Some of you know that author Cheryl Strayed (Wild) was also the anonymous writer of the "Dear Sugar" column on The Rumpus (She is back doing the Dear Sugar Podcast, without anonymity). In that column, readers would write in with desperate problems and Strayed would answer with long, exquisitely written, comforting answers.
A few months ago, I asked you readers to send me questions. This is the second installment in what will be an occasional column called “Dear Corn Syrup.” All you have to do is send in a question, and I will respond with a long, exquisitely written, comforting answer (but which might be of questionable nutritional value). You will note that the one for this week is book related, which is appropriate. I will answer any kind of question, however, provided that it entertains me. PG-13, please! This is a family show.
Dear Corn Syrup,
How do you pick books to read? Where do you get recommendations? (FYI - I have lists of books to read but rarely consult them, I tend to just read what ever crosses my path.)
Searching For Reading Love
I can’t tell from your question if the books that are crossing your path are fulfilling you. That is the only issue that matters. But since you add in that "FYI" to your question, I’m thinking that one of two things might be happening. There might be a gap between your desire to read good books and your easy breezy approach to finding them. Or, perhaps, you’re thinking that you “should” be reading things that you don’t actually want to read. Either way, I think it’s important to remember that there is no single Right Way to have a reading life.

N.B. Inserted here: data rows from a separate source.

(* Let $P_Z$ be a distribution on $\mathcal{Z}$, let $S=(Z_1,\ldots,Z_n)$ consist of $n$ i.i.d. samples from $P_Z$, and let $W\in\mathcal{W}$ be produced by a conditional distribution $P_{W|S}$. Let $\ell:\mathcal{W}\times\mathcal{Z}\to\mathbb{R}$ be a loss function such that $(\mathcal{W},\rho)$ is a Polish metric space, $w\mapsto\ell(w,z)$ is $L$-Lipschitz under $\rho$ for every $z\in\mathcal{Z}$, and $\ell$ takes values in $[a,b]$. Then $$\big|\overline{\mathrm{gen}}(W,S)\big| \le \frac{b-a}{n}\sum_{i=1}^n \mathbb{E}\big[\mathrm{TV}(P_{W|Z_i},P_W)\big] \le \frac{b-a}{n}\sum_{i=1}^n \mathbb{E}\big[\Psi\big(D(P_{W|Z_i}\,\|\,P_W)\big)\big].$$
   Context: Population risk $\mathscr{L}_{P_Z}(w)=\mathbb{E}[\ell(w,Z)]$, $Z\sim P_Z$; empirical risk $\mathscr{L}_s(w)=\frac1n\sum_{i=1}^n\ell(w,z_i)$; $\overline{\mathrm{gen}}(W,S)=\mathbb{E}[\mathscr{L}_{P_Z}(W)-\mathscr{L}_S(W)]$. $P_W$ is the marginal of $W$, $P_{W|Z_i}$ the conditional law of $W$ given $Z_i$, expectations in the bound are over $Z_i$. $L$-Lipschitz under $\rho$ means $|f(x)-f(y)|\le L\rho(x,y)$. $\mathrm{TV}(P,Q)=\sup_{A}\{P(A)-Q(A)\}$ over measurable sets $A$; $D(P\|Q)$ is the relative entropy (KL divergence); $\Psi(x)=\sqrt{\min\{x/2,\,1-e^{-x}\}}$. *)

theory Defs
  imports "HOL-Probability.Probability"
begin

definition tv_dist :: "'a measure \<Rightarrow> 'a measure \<Rightarrow> real" where
  "tv_dist P Q = (SUP A \<in> sets P. measure P A - measure Q A)"

definition rel_entropy :: "'a measure \<Rightarrow> 'a measure \<Rightarrow> ereal" where
  "rel_entropy P Q =
     (if absolutely_continuous Q P \<and> integrable P (entropy_density (exp 1) Q P)
      then ereal (KL_divergence (exp 1) Q P) else \<infinity>)"

definition Psi :: "ereal \<Rightarrow> real" where
  "Psi x = (if x = \<infinity> then 1
            else sqrt (min (real_of_ereal x / 2) (1 - exp (- real_of_ereal x))))"

definition pop_risk :: "('w \<Rightarrow> 'z \<Rightarrow> real) \<Rightarrow> 'z measure \<Rightarrow> 'w \<Rightarrow> real" where
  "pop_risk loss PZ w = (\<integral>z. loss w z \<partial>PZ)"

definition emp_risk :: "('w \<Rightarrow> 'z \<Rightarrow> real) \<Rightarrow> nat \<Rightarrow> (nat \<Rightarrow> 'z) \<Rightarrow> 'w \<Rightarrow> real" where
  "emp_risk loss n s w = (\<Sum>i<n. loss w (s i)) / real n"

definition exp_gen :: "('w \<Rightarrow> 'z \<Rightarrow> real) \<Rightarrow> 'z measure \<Rightarrow> nat \<Rightarrow> ((nat \<Rightarrow> 'z) \<Rightarrow> 'w measure) \<Rightarrow> real" where
  "exp_gen loss PZ n K =
     (\<integral>s. (\<integral>w. pop_risk loss PZ w - emp_risk loss n s w \<partial>K s) \<partial>(PiM {..<n} (\<lambda>_. PZ)))"

end

(*
  By linearity, the expected generalization gap is the average over i of
  E_{Z_i}[ E_{P_W} loss(W, Z_i) - E_{P_{W|Z_i}} loss(W, Z_i) ]; the conditional-law hypothesis
  identifies the joint law of (W, Z_i) on rectangles, hence on all bounded measurable functions.
  For a loss with values in [a, b], a staircase approximation by indicators bounds each inner
  difference by (b - a) TV(P_{W|Z_i}, P_W). Finally TV <= Psi(D): the Donsker-Varadhan lower bound
  for D, evaluated at two-valued test functions, gives Pinsker's inequality (via Hoeffding's lemma)
  and the Bretagnolle-Huber inequality (via the Bhattacharyya coefficient). On a Polish space both
  TV and D are suprema over countable families (finite unions of basic open sets, and step
  functions on them), which makes the integrands on the right-hand side measurable.
*)
theory Submission
  imports Defs
begin

section \<open>Pinsker and Bretagnolle--Huber for two-point distributions\<close>

lemma bhattacharyya_binary_sq_le:
  fixes p q :: real
  assumes "0 \<le> p" "p \<le> 1" "0 \<le> q" "q \<le> 1"
  shows "(sqrt (p * q) + sqrt ((1 - p) * (1 - q)))\<^sup>2 \<le> 1 - (p - q)\<^sup>2"
proof -
  define X where "X = sqrt (q * (1 - q))"
  define Y where "Y = sqrt (p * (1 - p))"
  have "sqrt (p * q) * sqrt ((1 - p) * (1 - q)) = X * Y"
    unfolding X_def Y_def by (simp add: real_sqrt_mult[symmetric] algebra_simps)
  moreover have "2 * (X * Y) \<le> X\<^sup>2 + Y\<^sup>2"
    using sum_squares_bound[of X Y] by (simp add: algebra_simps)
  moreover have "X\<^sup>2 = q * (1 - q)" "Y\<^sup>2 = p * (1 - p)"
    "(sqrt (p * q))\<^sup>2 = p * q" "(sqrt ((1 - p) * (1 - q)))\<^sup>2 = (1 - p) * (1 - q)"
    using assms by (simp_all add: X_def Y_def)
  ultimately show ?thesis
    by (simp only: power2_sum) (simp add: power2_eq_square algebra_simps)
qed

lemma binary_kl_ge_bhattacharyya:
  fixes p q :: real
  assumes p: "0 < p" "p < 1" and q: "0 < q" "q < 1"
  shows "- 2 * ln (sqrt (p * q) + sqrt ((1 - p) * (1 - q)))
           \<le> p * ln (p / q) + (1 - p) * ln ((1 - p) / (1 - q))"
proof -
  define u where "u = sqrt (q / p)"
  define v where "v = sqrt ((1 - q) / (1 - p))"
  define m where "m = p * u + (1 - p) * v"
  have uv: "u > 0" "v > 0" using p q by (simp_all add: u_def v_def)
  have m0: "m > 0" unfolding m_def using uv p by (intro add_pos_pos) auto
  have "p * q = p * p * (q / p)" "(1 - p) * (1 - q) = (1 - p) * (1 - p) * ((1 - q) / (1 - p))"
    using p by (simp_all add: field_simps)
  then have "sqrt (p * q) = sqrt (p * p) * u" "sqrt ((1 - p) * (1 - q)) = sqrt ((1 - p) * (1 - p)) * v"
    unfolding u_def v_def by (metis real_sqrt_mult)+
  then have m_eq: "m = sqrt (p * q) + sqrt ((1 - p) * (1 - q))"
    using p by (simp add: m_def)
  \<comment> \<open>concavity of ln, via ln t \<le> t - 1 at t = u / m and t = v / m\<close>
  have "p * (ln u - ln m) + (1 - p) * (ln v - ln m) \<le> p * (u / m - 1) + (1 - p) * (v / m - 1)"
    using ln_le_minus_one[of "u / m"] ln_le_minus_one[of "v / m"] uv m0 p
    by (intro add_mono mult_left_mono) (auto simp: ln_div)
  also have "\<dots> = 0" using m0 by (simp add: m_def field_simps)
  finally have "p * ln u + (1 - p) * ln v \<le> ln m" by (simp add: algebra_simps)
  moreover have "ln u = - ln (p / q) / 2" "ln v = - ln ((1 - p) / (1 - q)) / 2"
    using p q by (simp_all add: u_def v_def ln_sqrt ln_div)
  ultimately show ?thesis by (simp add: m_eq)
qed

I’d like to know a bit more about your lists. We certainly live in a list-driven society (e.g. 1001 Books You Must Read Before You Die), but those lists often box us into a reading plan that doesn’t tap our genuine interests or creativity. On the other hand, lists can tell us something about what we find compelling. They can pave a line of inquiry. They can help us keep track of our own thinking or keep us anchored to a goal. Which is it for you?
If you are happy with stumbling upon books as they cross your path, please unchain yourself from your lists! Be free! Unless you are in school, reading should not be homework.
But if you do want to more deliberately create a working reading list, here are some of the ways that I discover new titles:
1) Blogs! I read several regularly. River City Reading and The Gilmore Guide to Books are current favorites for literary fiction. Brain Pickings is great for discussion about nonfiction or Big Ideas.
2) Book review sites! I like reading The Millions, Shelf Awareness, and I love the Guardian’s book section.
3) Podcasts! In my efforts to become more fit – fittish, perhaps – I spend a lot of time walking and running. Mostly walking, because…pain. I have found that listening to podcasts about reading is my favorite way to make that time pass more pleasantly. My favorites these days are The Readers (two guys talking about bookish things -- they call it “book banter”); Books on the Nightstand (two people who both work in the book industry talking about book issues and making recommendations); and The Book Riot Podcast (two people talking about book news – with a strong focus on reading and technology).
4) Bookstores! They have tables full of books (and, often, cookies!). If I’m honest, I learn the most about what’s available by being out in the world and getting my hands on new books. And don’t forget all the new book smell….
I’d be curious to find out whether “crunchy bacon” would be a good kind of smell to encounter in a bookstore. I'm guessing yes.